Very nice! Below, save with $this->persistProcessor->process() passing $entity, $operation, $uriVariables, and $context... which are all the same arguments we have up here.

Oh, and like before, when we generated this class, it generated process() with a void return type. That's not exactly correct. You don't have to return anything from state processors, but you can. And whatever you do return - in this case, we'll return $data - will ultimately become the "thing" that is serialized and returned back to the user. If you don't return anything, it will use $data.

Setting the id onto the DTO

Ok, I think this should work (Famous last words...).

symfony php bin/phpunit --filter=testPostToCreateUser

And... it bombs. We're still getting a 400 error, and it's still Unable to generate an IRI for the item.

So... what's going on? We map the UserApi to a new User object and save the new User... which causes Doctrine to assign the new id to that entity object. But we never take that new id and put it back onto our UserApi.

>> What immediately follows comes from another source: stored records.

lemma foci_of_osc_orbit_nondegenerate:
  assumes c: "c \<noteq> 0" and w: "w \<noteq> 0"
    and foc: "f1^2 - f2^2 = c^2 + u^2 - w^2" "f1 * f2 = u * w"
  shows "foci_of (osc_orbit c u w) (f1, f2) (-f1, -f2)"
proof -
  define s where "s = f1^2 + w^2"
  have s: "s > 0" unfolding s_def using w by (simp add: add_nonneg_pos)
  have sK: "s * (s - f1^2 - f2^2) = c^2 * w^2"
    using foc[THEN diff_eq_0I] unfolding s_def by algebra
  have "s * (s - f1^2 - f2^2) > 0" using sK c w by simp
  then have K: "s - f1^2 - f2^2 > 0" using s by (simp add: zero_less_mult_iff)
  text \<open>The implicit equation of the orbit is the focal equation of the ellipse with foci \<open>\<plusminus>f\<close>
    and major axis \<open>2 \<surd>s\<close>.\<close>
  have conic_iff: "(w * x - u * y)^2 + c^2 * y^2 = c^2 * w^2 \<longleftrightarrow>
      s * (x^2 + y^2) - (x * f1 + y * f2)^2 = s * (s - f1^2 - f2^2)" for x y
  proof -
    have "s * (x^2 + y^2) - (x * f1 + y * f2)^2 - s * (s - f1^2 - f2^2)
        = (w * x - u * y)^2 + c^2 * y^2 - c^2 * w^2"
      using foc[THEN diff_eq_0I] sK[THEN diff_eq_0I] unfolding s_def by algebra
    then show ?thesis by linarith
  qed
  have a2: "(2 * sqrt s)^2 = 4 * s" using s by (simp add: power_mult_distrib)
  have "(2 * sqrt s)^4 = ((2 * sqrt s)^2)^2" by (simp flip: power_mult)
  then have a4: "(2 * sqrt s)^4 = 16 * s^2" unfolding a2 by (simp add: power_mult_distrib)
  have "osc_orbit c u w = {P. dist P (f1, f2) + dist P (-f1, -f2) = 2 * sqrt s}"
  proof (intro set_eqI iffI)
    fix P assume "P \<in> osc_orbit c u w"
    then obtain x y where "P = (x, y)" "(w * x - u * y)^2 + c^2 * y^2 = c^2 * w^2"
      unfolding osc_orbit_implicit[OF c w] by blast
    then show "P \<in> {P. dist P (f1, f2) + dist P (-f1, -f2) = 2 * sqrt s}"
      using focal_sum_of_conic[OF s K] conic_iff by (simp add: dist_pair_sqrt)
  next
    fix P assume "P \<in> {P. dist P (f1, f2) + dist P (-f1, -f2) = 2 * sqrt s}"
    moreover obtain x y where P: "P = (x, y)" by fastforce
    ultimately have "sqrt ((x - f1)^2 + (y - f2)^2) + sqrt ((x + f1)^2 + (y + f2)^2) = 2 * sqrt s"
      by (simp add: dist_pair_sqrt)
    from focal_sum_conic[OF this] s
    have "4 * s * ((x^2 + y^2) + (f1^2 + f2^2)) = 16 * s^2 / 4 + 4 * (x * f1 + y * f2)^2"
      unfolding a2 a4 by simp
    then have "s * (x^2 + y^2) - (x * f1 + y * f2)^2 = s * (s - f1^2 - f2^2)"
      by (simp add: algebra_simps power2_eq_square)
    then show "P \<in> osc_orbit c u w" unfolding osc_orbit_implicit[OF c w] P conic_iff by simp
  qed
  then show ?thesis unfolding foci_of_def by blast
qed

lemma foci_of_osc_orbit_iff:
  assumes c: "c > 0"
  shows "(\<exists>G. foci_of (osc_orbit c u w) (f1, f2) G) \<longleftrightarrow>
    f1^2 - f2^2 = c^2 + u^2 - w^2 \<and> f1 * f2 = u * w"
proof (cases "w = 0")
  case True
  define R where "R = sqrt (c^2 + u^2)"
  have cu: "c^2 + u^2 > 0" using c by (simp add: add_pos_nonneg)
  then have R: "R > 0" and R2: "R^2 = c^2 + u^2" unfolding R_def by simp_all
  have flat: "osc_orbit c u w = {(x, 0) | x. \<bar>x\<bar> \<le> R}"
    unfolding R_def True using osc_orbit_flat[OF cu] .
  have "f1^2 - f2^2 = c^2 + u^2 - w^2 \<and> f1 * f2 = u * w \<longleftrightarrow> f2 = 0 \<and> f1^2 = R^2"
  proof
    assume foc: "f1^2 - f2^2 = c^2 + u^2 - w^2 \<and> f1 * f2 = u * w"
    have "f2 = 0"
    proof (rule ccontr)
      assume "f2 \<noteq> 0"
      with foc True have "-(f2^2) = R^2" using R2 by auto
      then show False using R by (smt (verit) zero_le_power2 zero_less_power)
    qed
    with foc True R2 show "f2 = 0 \<and> f1^2 = R^2" by simp
  qed (use True R2 in simp)
  also have "\<dots> \<longleftrightarrow> f2 = 0 \<and> \<bar>f1\<bar> = R"
    using R by (metis abs_of_pos power2_abs power2_eq_iff_nonneg abs_ge_zero less_imp_le)
  finally have foc_iff:
    "f1^2 - f2^2 = c^2 + u^2 - w^2 \<and> f1 * f2 = u * w \<longleftrightarrow> f2 = 0 \<and> \<bar>f1\<bar> = R" .
  show ?thesis unfolding flat foc_iff by (rule foci_of_flat_segment_iff[OF R])
next
  case False
  show ?thesis
  proof
    assume "\<exists>G. foci_of (osc_orbit c u w) (f1, f2) G"
    then obtain g1 g2 where "foci_of (osc_orbit c u w) (f1, f2) (g1, g2)" by auto
    then show "f1^2 - f2^2 = c^2 + u^2 - w^2 \<and> f1 * f2 = u * w"
      by (rule osc_orbit_foci_nondegenerate[OF c False])
  next
    assume "f1^2 - f2^2 = c^2 + u^2 - w^2 \<and> f1 * f2 = u * w"
    then have "foci_of (osc_orbit c u w) (f1, f2) (-f1, -f2)"
      using foci_of_osc_orbit_nondegenerate[OF _ False] c by simp
    then show "\<exists>G. foci_of (osc_orbit c u w) (f1, f2) G" ..
  qed
qed

section \<open>The Cassini oval and the ellipse of safety\<close>

lemma focus_locus_double_angle:
  assumes "x0 > 0"
  shows "focus_locus x0 v0 = {(x, y). \<exists>\<alpha>. -pi \<le> \<alpha> \<and> \<alpha> \<le> pi \<and>
    x^2 - y^2 - x0^2 = v0^2 * cos (2 * \<alpha>) \<and> 2 * x * y = v0^2 * sin (2 * \<alpha>)}"
proof -
  have double_angle:
    "x^2 - y^2 = x0^2 + (v0 * cos \<alpha>)^2 - (v0 * sin \<alpha>)^2 \<and> x * y = v0 * cos \<alpha> * (v0 * sin \<alpha>) \<longleftrightarrow>
      x^2 - y^2 - x0^2 = v0^2 * cos (2 * \<alpha>) \<and> 2 * x * y = v0^2 * sin (2 * \<alpha>)" for x y \<alpha>
  proof -
    have double: "cos (2 * \<alpha>) = (cos \<alpha>)^2 - (sin \<alpha>)^2" "sin (2 * \<alpha>) = 2 * sin \<alpha> * cos \<alpha>"
      by (simp_all add: cos_double sin_double)
    have "x^2 - y^2 = x0^2 + (v0 * cos \<alpha>)^2 - (v0 * sin \<alpha>)^2 \<longleftrightarrow>
        x^2 - y^2 - x0^2 = v0^2 * cos (2 * \<alpha>)"
      unfolding double by (auto simp: power_mult_distrib right_diff_distrib)
    moreover have "x * y = v0 * cos \<alpha> * (v0 * sin \<alpha>) \<longleftrightarrow> 2 * x * y = v0^2 * sin (2 * \<alpha>)"
      unfolding double by (simp add: power2_eq_square mult_ac)
    ultimately show ?thesis by blast
  qed
  show ?thesis
  proof (intro set_eqI)
    fix F :: "real \<times> real"
    obtain x y where F: "F = (x, y)" by fastforce
    show "F \<in> focus_locus x0 v0 \<longleftrightarrow> F \<in> {(x, y). \<exists>\<alpha>. -pi \<le> \<alpha> \<and> \<alpha> \<le> pi \<and>
      x^2 - y^2 - x0^2 = v0^2 * cos (2 * \<alpha>) \<and> 2 * x * y = v0^2 * sin (2 * \<alpha>)}"
      unfolding F focus_locus_def E_curve_eq_osc_orbit mem_Collect_eq foci_of_osc_orbit_iff[OF assms]
        double_angle by simp
  qed
qed

lemma cassini_product: "((x + x0)^2 + y^2) * ((x - x0)^2 + y^2) = (x^2 - y^2 - x0^2)^2 + (2 * x * y)^2"
  for x y x0 :: real by algebra

lemma double_angle_iff_cassini:
  fixes x y x0 v0 :: real
  assumes v0: "v0 > 0"
  shows "(\<exists>\<alpha>. -pi \<le> \<alpha> \<and> \<alpha> \<le> pi \<and>
      x^2 - y^2 - x0^2 = v0^2 * cos (2 * \<alpha>) \<and> 2 * x * y = v0^2 * sin (2 * \<alpha>))
    \<longleftrightarrow> ((x + x0)^2 + y^2) * ((x - x0)^2 + y^2) = v0^4"
proof
  assume "\<exists>\<alpha>. -pi \<le> \<alpha> \<and> \<alpha> \<le> pi \<and>
      x^2 - y^2 - x0^2 = v0^2 * cos (2 * \<alpha>) \<and> 2 * x * y = v0^2 * sin (2 * \<alpha>)"
  then obtain \<alpha> where \<alpha>: "x^2 - y^2 - x0^2 = v0^2 * cos (2 * \<alpha>)" "2 * x * y = v0^2 * sin (2 * \<alpha>)"
    by blast
  have "(sin (2 * \<alpha>))^2 + (cos (2 * \<alpha>))^2 = 1" by simp
  then have "(x^2 - y^2 - x0^2)^2 + (2 * x * y)^2 - v0^4 = 0"
    using \<alpha>[THEN diff_eq_0I] by algebra
  then show "((x + x0)^2 + y^2) * ((x - x0)^2 + y^2) = v0^4"
    unfolding cassini_product by simp
next
  assume "((x + x0)^2 + y^2) * ((x - x0)^2 + y^2) = v0^4"
  then have "((x^2 - y^2 - x0^2) / v0^2)^2 + (2 * x * y / v0^2)^2 = 1"
    using v0 unfolding cassini_product
    by (simp add: power_divide add_divide_distrib[symmetric] flip: power_mult)
  then obtain t where t: "0 \<le> t" "t \<le> 2 * pi"
    "(x^2 - y^2 - x0^2) / v0^2 = cos t" "2 * x * y / v0^2 = sin t"
    using sincos_total_2pi_le by blast
  then have "-pi \<le> t / 2 \<and> t / 2 \<le> pi \<and>
      x^2 - y^2 - x0^2 = v0^2 * cos (2 * (t / 2)) \<and> 2 * x * y = v0^2 * sin (2 * (t / 2))"
    using v0 by (simp add: field_simps)
  then show "\<exists>\<alpha>. -pi \<le> \<alpha> \<and> \<alpha> \<le> pi \<and>
      x^2 - y^2 - x0^2 = v0^2 * cos (2 * \<alpha>) \<and> 2 * x * y = v0^2 * sin (2 * \<alpha>)" by blast
qed

lemma focus_locus_cassini:
  assumes "x0 > 0" "v0 > 0"
  shows "focus_locus x0 v0 = {(x, y). ((x + x0)^2 + y^2) * ((x - x0)^2 + y^2) = v0^4}"
  unfolding focus_locus_double_angle[OF assms(1)] double_angle_iff_cassini[OF assms(2)] ..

To fix this, after saving, add $data->id = $entity->getId().

And if we try it now...

symfony php bin/phpunit --filter=testPostToCreateUser

it still fails... but we got further this time! The response looks good. It returned a 201 status code with the new user info. It's failing on the part of the test where it tries to use the password to log in. That's because our password is currently set to... TODO. We'll fix that in a minute.

Handling the Delete Operation

But first, when we set the processor on the top level #[ApiResource], this became the processor for all operations: POST, PUT, PATCH, and DELETE. POST, PUT, and PATCH are all pretty much the same: save the object to the database. But DELETE is different: we're not saving, we're removing.

To handle that, check if ($operation instanceof DeleteOperationInterface). Like with saving, deleting isn't hard... but it's still better to offload this work to the core Doctrine remove processor. So, up here, copy the argument... and inject another processor: RemoveProcessor... and rename this to $removeProcessor.

Back down here, say $this->removeProcessor->process() and pass $entity, $operation, $uriVariables, and $context just like the other processor.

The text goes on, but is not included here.